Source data

== Segment start ==

text \<open>Characteristic zero is used here: w \<mapsto> z + w is injective on Z.\<close>
lemma finite_nonunit_shifts:
  fixes z :: "'a::field_char_0"
  assumes "a \<noteq> 0"
  shows "finite {w::int. fls_subdegree (rf_eval_q (z + of_int w) a) \<noteq> 0}"
proof -
  let ?h = "\<lambda>w::int. z + of_int w"
  have inj: "inj ?h" by (auto simp: inj_def)
  have "{w. fls_subdegree (rf_eval_q (?h w) a) \<noteq> 0}
      \<subseteq> ?h -` {x. poly (rf_num a) x = 0} \<union> ?h -` {x. poly (rf_den a) x = 0}"
    using assms by (auto simp: fls_subdegree_rf_eval_q order_root)
  moreover have "finite (?h -` {x. poly (rf_num a) x = 0})"
    using assms by (intro finite_vimageI[OF poly_roots_finite inj]) (simp add: rf_num_eq_0_iff)
  moreover have "finite (?h -` {x. poly (rf_den a) x = 0})"
    by (intro finite_vimageI[OF poly_roots_finite inj]) (simp add: rf_num_den(1))
  ultimately show ?thesis by (meson finite_Un finite_subset)
qed

section \<open>Operators acting on sequences\<close>

lemma op_act_degree_le:
  assumes "degree A \<le> N"
  shows "op_act z A f n = (\<Sum>i\<le>N. rf_eval_q (z + of_int n) (coeff A i) * f (n + int i))"
  unfolding op_act_def
  by (rule sum.mono_neutral_left) (use assms in \<open>auto simp: coeff_eq_0 not_le\<close>)

lemma op_act_add: "op_act z (A + B) f n = op_act z A f n + op_act z B f n"
proof -
  let ?N = "max (degree A) (degree B)"
  have "degree (A + B) \<le> ?N" by (rule degree_add_le) auto
  then show ?thesis
    by (simp add: op_act_degree_le[of _ ?N] sum.distrib distrib_right)
qed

== Segment end ==

WHAT TO DO -> Figure out how many lines of the data hold "shows", and answer with the number only.

ANSWER BOX -> 2